Understanding the Concept:
Whenever an integral contains a rational expression involving trigonometric functions, it is often helpful to rewrite the numerator in terms of the denominator.
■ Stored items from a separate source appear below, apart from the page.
(* Let $S$ be a basis of $\mathcal{M}$ with $\det(V_SV_S^\top)>0$ and let $C$ be a minimal $f$-violating cycle in $G(S)$. Then $C$ contains at most one arc of type $\mathrm{II}$.
   Context: Let $v_1,\ldots,v_n\in\mathbb{R}^d$ and $\mathcal{M}=([n],\mathcal{I})$ a matroid; a basis is an independent set of maximum size. For $S\subseteq[n]$, $V_S$ is the $d\times|S|$ matrix with columns $v_i$, $i\in S$; elements are identified with their vectors, and $S-v+u=(S\setminus\{v\})\cup\{u\}$. For a basis $S$ with $\det(V_SV_S^\top)>0$ put $\langle u,v\rangle_S=u^\top(V_SV_S^\top)^{-1}v$, $\|u\|_S^2=\langle u,u\rangle_S$. The exchange graph $G(S)$ is the directed bipartite multigraph on $[n]$ with parts $S$ and $[n]\setminus S$: for $v\in S$, $u\notin S$ there is a backward arc $v\to u$ of weight $0$ whenever $S-v+u\in\mathcal{I}$; for $u\notin S$, $v\in S$ with $S-v+u$ spanning $\mathbb{R}^d$ there are two forward arcs, of type $\mathrm{I}$: $u\xrightarrow{\mathrm{I}}v$ with weight $-\log|\langle u,v\rangle_S|$, and of type $\mathrm{II}$: $u\xrightarrow{\mathrm{II}}v$ with weight $-\log\sqrt{(1+\|u\|_S^2)(1-\|v\|_S^2)}$ (with $-\log 0=+\infty$). For a directed cycle $C$ in $G(S)$, $|C|$ is its number of arcs, $\mathrm{ver}(C)$ its vertex set, and $w(C)$ the sum of its arc weights. Let $f(1)=2$ and $f(i)=(i!)^{11}$ for $i\geq 2$. A cycle $C$ is $f$-violating if $w(C)<-\log f(|C|/2)$; it is minimal $f$-violating if it is $f$-violating and no cycle $C'$ in $G(S)$ with $\mathrm{ver}(C')\subsetneq\mathrm{ver}(C)$ is $f$-violating. *)

theory Defs
  imports "HOL-Analysis.Analysis"
begin

definition matroid :: "'a set \<Rightarrow> ('a set \<Rightarrow> bool) \<Rightarrow> bool" where
  "matroid E indep \<longleftrightarrow> finite E \<and>
     (\<forall>X. indep X \<longrightarrow> X \<subseteq> E) \<and> indep {} \<and>
     (\<forall>X Y. indep Y \<and> X \<subseteq> Y \<longrightarrow> indep X) \<and>
     (\<forall>X Y. indep X \<and> indep Y \<and> card X < card Y \<longrightarrow> (\<exists>y\<in>Y - X. indep (insert y X)))"

definition is_basis :: "('a set \<Rightarrow> bool) \<Rightarrow> 'a set \<Rightarrow> bool" where
  "is_basis indep S \<longleftrightarrow> indep S \<and> (\<forall>T. indep T \<longrightarrow> card T \<le> card S)"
This simplifies the expression considerably and makes integration straightforward.
We are given:
\[
I=\int_{0}^{\frac{\pi}{2}} \frac{3\sin x+4\cos x}{\sin x+\cos x}\,dx
\]
Our goal is to simplify the integrand before integrating.
Step 1: Express the numerator suitably.
Observe that:
\[
3\sin x+4\cos x
\]
can be rewritten as:
\[
\frac72(\sin x+\cos x)+\frac12(\cos x-\sin x)
\]
Let us verify:
\[
\frac72\sin x+\frac72\cos x+\frac12\cos x-\frac12\sin x
\]
\[
=\left(\frac72-\frac12\right)\sin x+\left(\frac72+\frac12\right)\cos x
\]
\[
=3\sin x+4\cos x
\]
Hence,
\[
I=\int_{0}^{\frac{\pi}{2}}
\frac{
\frac72(\sin x+\cos x)+\frac12(\cos x-\sin x)
}{
\sin x+\cos x
}\,dx
\]
Splitting the fraction,
\[
I=\int_{0}^{\frac{\pi}{2}}
\left[
\frac72+\frac12\cdot
\frac{\cos x-\sin x}{\sin x+\cos x}
\right]dx
\]
Step 2: Separate the integral.
\[
I=
\frac72\int_{0}^{\frac{\pi}{2}}dx
+
\frac12
\int_{0}^{\frac{\pi}{2}}
\frac{\cos x-\sin x}{\sin x+\cos x}\,dx
\]
Step 3: Evaluate the first integral.
\[
\frac72\int_{0}^{\frac{\pi}{2}}dx
=
\frac72\left[\frac{\pi}{2}\right]
\]
\[
=\frac{7\pi}{4}
\]
Step 4: Evaluate the second integral.
Notice that:
\[
\frac{d}{dx}(\sin x+\cos x)=\cos x-\sin x
\]
Thus,
\[
\int
\frac{\cos x-\sin x}{\sin x+\cos x}\,dx
=
\ln|\sin x+\cos x|
\]
Therefore,
\[
\frac12
\left[
\ln|\sin x+\cos x|
\right]_{0}^{\frac{\pi}{2}}
\]
Substituting limits:
At \(x=\frac{\pi}{2}\),
\[
\sin\frac{\pi}{2}+\cos\frac{\pi}{2}=1+0=1
\]
At \(x=0\),
\[
\sin0+\cos0=0+1=1
\]
Hence,
\[
\ln1-\ln1=0
\]
So the second integral contributes:
\[
0
\]
Step 5: Final answer.
Thus,
\[
I=\frac{7\pi}{4}
\]
Hence,
\[
\boxed{\frac{7\pi}{4}}
\]